Attrition: What Money Can't Buy


December8, 2006: The wars in Iraq and Afghanistan are wearing out U.S. Army and Marine Corps (and to a lesser extent air force and navy aircraft) at a rate some nine times higher than during peace time. That comes to nearly $20 billion dollars of equipment loss and damage per year. Congress is only providing enough money to deal with about two thirds of that loss. That, in turn, is made up, to some extent, by the large number of Cold War surplus gear still available. After the 1991 Gulf War, half a dozen army divisions were disbanded, and most of their heavy weapons were put into storage. The marines didn't have much of a Cold War surplus to draw on, and has had to get a lot of new equipment to replace losses. Both services are using the "reset" (repair and refurbishment) money to upgrade vehicles and equipment. Vehicles are fitted with upgraded, or new, components, while busted weapons and equipment is replaced with newer, and superior, models.

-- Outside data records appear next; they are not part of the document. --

(* Let $\alpha$ be a nonprincipal ultrafilter on $\mathbb{N}$ and let $(G_n, \mathcal{B}^{(n)}, \mu^{(n)}, \mathcal{B}_2^{(n)}, \mu_2^{(n)})_{n \in \mathbb{N}}$ be a sequence of probability groups. Let $G = \prod_{n \to \alpha} G_n$ be the ultraproduct group. Let $\mathcal{B}$ be the $\sigma$-algebra on $G$ generated by the internal sets $\prod_{n\to\alpha} A_n$ with $A_n \in \mathcal{B}^{(n)}$, and let $\mathcal{B}_2$ be the $\sigma$-algebra on $G^2$ generated by the internal sets $\prod_{n\to\alpha} C_n$ with $C_n \in \mathcal{B}_2^{(n)}$ (identifying $G^2$ with $\prod_{n\to\alpha} G_n^2$). Let $\mu$ and $\mu_2$ be the Loeb measures on $\mathcal{B}$ and $\mathcal{B}_2$ induced by the finitely additive set functions $\prod_{n\to\alpha} A_n \mapsto \lim_{n\to\alpha}\mu^{(n)}(A_n)$ and $\prod_{n\to\alpha} C_n \mapsto \lim_{n\to\alpha}\mu_2^{(n)}(C_n)$. Then $(G, \mathcal{B}, \mu, \mathcal{B}_2, \mu_2)$ is a probability group.
   Context: A probability group is a tuple $(G, \mathcal{B}, \mu, \mathcal{B}_2, \mu_2)$ where $G$ is a group, $\mathcal{B}$ and $\mathcal{B}_2$ are $\sigma$-algebras on $G$ and $G^2$ respectively with $\mathcal{B}_2 \supseteq \mathcal{B}\times\mathcal{B}$ (the product $\sigma$-algebra), $\mu,\mu_2$ are probability measures on $\mathcal{B},\mathcal{B}_2$ with $\mu_2|_{\mathcal{B}\times\mathcal{B}} = \mu\times\mu$, such that: (i) multiplication $(G^2,\mathcal{B}_2)\to(G,\mathcal{B})$ is measurable; (ii) inversion $(G,\mathcal{B})\to(G,\mathcal{B})$ is measurable; (iii) $\mu$ is invariant under left translations, right translations and inversion; (iv) Fubini's theorem holds for every $\mathcal{B}_2$-measurable $f:G^2\to\mathbb{R}$, i.e. (a) for every $g\in G$ the functions $f(g,\cdot)$ and $f(\cdot,g)$ are $\mathcal{B}$-measurable, (b) the functions $g\mapsto\int_G f(g,h)\,d\mu(h)$ and $g\mapsto \int_G f(h,g)\,d\mu(h)$ are $\mathcal{B}$-measurable, and (c) $\int_G\int_G f(g,h)\,d\mu(g)\,d\mu(h) = \int_{G^2} f\,d\mu_2 = \int_G\int_G f(g,h)\,d\mu(h)\,d\mu(g)$. The Loeb measure is the Carathéodory extension of the indicated finitely additive set function on the algebra of internal sets to the generated $\sigma$-algebra.
   Formalization: Clause (iv) of the probability-group definition, both for each $G_n$ and for the ultraproduct, covers only bounded $\mathcal{B}_2$-measurable $f:G^2\to\mathbb{R}$, and all the groups $G_n$ share one common underlying type of elements. Apart from conventions, each condition added here is assumed in the paper as well or is needed for the statement above to hold. *)

theory Defs
  imports "HOL-Probability.Probability" "HOL-Algebra.Group"
begin
(* Let $n\ge1$ and $\alpha=\beta=1$. The stationary measure of the $n$-site open-boundary TASEP is given by $$\mathbb{P}^{\mathrm{st}}_n\{\mathcal{C}\}=\frac{|R^{-1}\{\mathcal{C}\}|}{|\mathcal{T}_n|}.$$ Equivalently, for every $\mathcal{C}\in\{\bullet,\circ\}^n$, $$|R^{-1}\{\mathcal{C}\}|\sum_{\mathcal{C}'}W(\mathcal{C}\to\mathcal{C}')=\sum_{\mathcal{C}'}|R^{-1}\{\mathcal{C}'\}|\,W(\mathcal{C}'\to\mathcal{C}).$$
   Context: Open-boundary TASEP on $n$ sites: this is the continuous-time Markov chain on $\{\bullet,\circ\}^n$ (strings of length $n$, where $\bullet$ denotes a particle and $\circ$ a hole). Its transition rates are as follows, with $\mathcal{A},\mathcal{A}'$ arbitrary strings: - $W(\circ\mathcal{A}\to\bullet\mathcal{A})=\alpha$; - $W(\mathcal{A}\bullet\to\mathcal{A}\circ)=\beta$; - $W(\mathcal{A}\bullet\circ\mathcal{A}'\to\mathcal{A}\circ\bullet\mathcal{A}')=1$; - $W(\mathcal{C}\to\mathcal{C}')=0$ for all other pairs. A plane binary tree is a finite rooted tree in which every vertex is either an endpoint (a leaf, with no children) or has exactly two children, an ordered left child and right child. Every non-root vertex is thus either a left descendent or a right descendent of its parent. The endpoints are ordered from left to right in the planar order. $\mathcal{T}_n$ denotes the set of plane binary trees with exactly $n+2$ endpoints. The reduced configuration of $T\in\mathcal{T}_n$ is $R(T)=(t_1,\dots,t_n)\in\{\bullet,\circ\}^n$. Here $t_k=\bullet$ if the $(k+1)$-th endpoint from the left is a left child, and $t_k=\circ$ if it is a right child. The leftmost and rightmost endpoints are ignored. *)

theory Defs
  imports Complex_Main
begin

text \<open>Configurations of the n-site TASEP: lists of booleans of length n,
  True = particle (bullet), False = hole (circ).\<close>

type_synonym config = "bool list"

definition W :: "real \<Rightarrow> real \<Rightarrow> config \<Rightarrow> config \<Rightarrow> real" where
  "W \<alpha> \<beta> C C' =
     (if C \<noteq> [] \<and> C' \<noteq> [] \<and> hd C = False \<and> C' = True # tl C then \<alpha> else 0)
   + (if C \<noteq> [] \<and> C' \<noteq> [] \<and> last C = True \<and> C' = butlast C @ [False] then \<beta> else 0)
   + (if \<exists>A A'. C = A @ [True, False] @ A' \<and> C' = A @ [False, True] @ A' then 1 else 0)"

datatype ptree = Leaf | Node ptree ptree

text \<open>Endpoints from left to right, each tagged with True iff it is a left child
  (the flag passed in is the tag of the current vertex; the root gets an arbitrary tag).\<close>
fun leaf_tags :: "bool \<Rightarrow> ptree \<Rightarrow> bool list" where
  "leaf_tags b Leaf = [b]"
| "leaf_tags b (Node l r) = leaf_tags True l @ leaf_tags False r"

definition num_leaves :: "ptree \<Rightarrow> nat" where
  "num_leaves t = length (leaf_tags False t)"

definition trees :: "nat \<Rightarrow> ptree set" where
  "trees n = {t. num_leaves t = n + 2}"

definition reduced :: "ptree \<Rightarrow> config" where
  "reduced t = butlast (tl (leaf_tags False t))"

definition configs :: "nat \<Rightarrow> config set" where
  "configs n = {C. length C = n}"

definition preimage_count :: "nat \<Rightarrow> config \<Rightarrow> nat" where
  "preimage_count n C = card {t \<in> trees n. reduced t = C}"

end

theory Submission
  imports Defs
begin

text \<open>
  For a word C over {particle, hole} let N C be the number of plane binary
  trees whose left-to-right endpoint tags are True # C @ [False]; every tree with at least
  two endpoints has such a tag word, so N C is exactly the preimage count of C.
  Replacing the k-th endpoint of a tree by a cherry (a vertex with two leaf children)
  turns its tag at position k into the pair True, False, and this operation is a bijection
  onto the trees having that pair at positions k, k+1.  This yields the recursions
    N (A @ [True, False] @ B) = N (A @ [True] @ B) + N (A @ [False] @ B),
    N (False # B) = N B,      N (A @ [True]) = N A.
  With the potential p i = (+/-1) * N (C with letter i deleted), sign + for a particle, these
  recursions say that the net probability flux (inflow minus outflow) through bond (i, i+1)
  equals p (i+1) - p i, through the left boundary equals p 0 and through the right boundary
  equals -p (n-1).  The total net flux therefore telescopes to zero, which is the balance equation.
\<close>

section \<open>Endpoint tags of plane binary trees\<close>

fun leaves :: "ptree \<Rightarrow> nat" where
  "leaves Leaf = 1"
| "leaves (Node l r) = leaves l + leaves r"

lemma length_leaf_tags: "length (leaf_tags b t) = leaves t"
  by (induction t arbitrary: b) auto

lemma leaves_pos: "leaves t > 0"
  by (induction t) auto

lemma leaf_tags_nonempty: "leaf_tags b t \<noteq> []"
  using length_leaf_tags[of b t] leaves_pos[of t] by auto

lemma hd_leaf_tags_left: "hd (leaf_tags True t) = True"
  by (induction t) (auto simp: leaf_tags_nonempty)

lemma last_leaf_tags_right: "last (leaf_tags False t) = False"
  by (induction t) (auto simp: leaf_tags_nonempty)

The biggest plus from all this is the vast amount of practical experience the troops are getting in the use of their weapons and gear under combat conditions. Much more is known about this stuff, and the American ground forces have become, by a large margin, the most combat experienced on the planet. This does not register with many pundits and civilian analysts, but to military professionals, it is an edge that money cannot buy.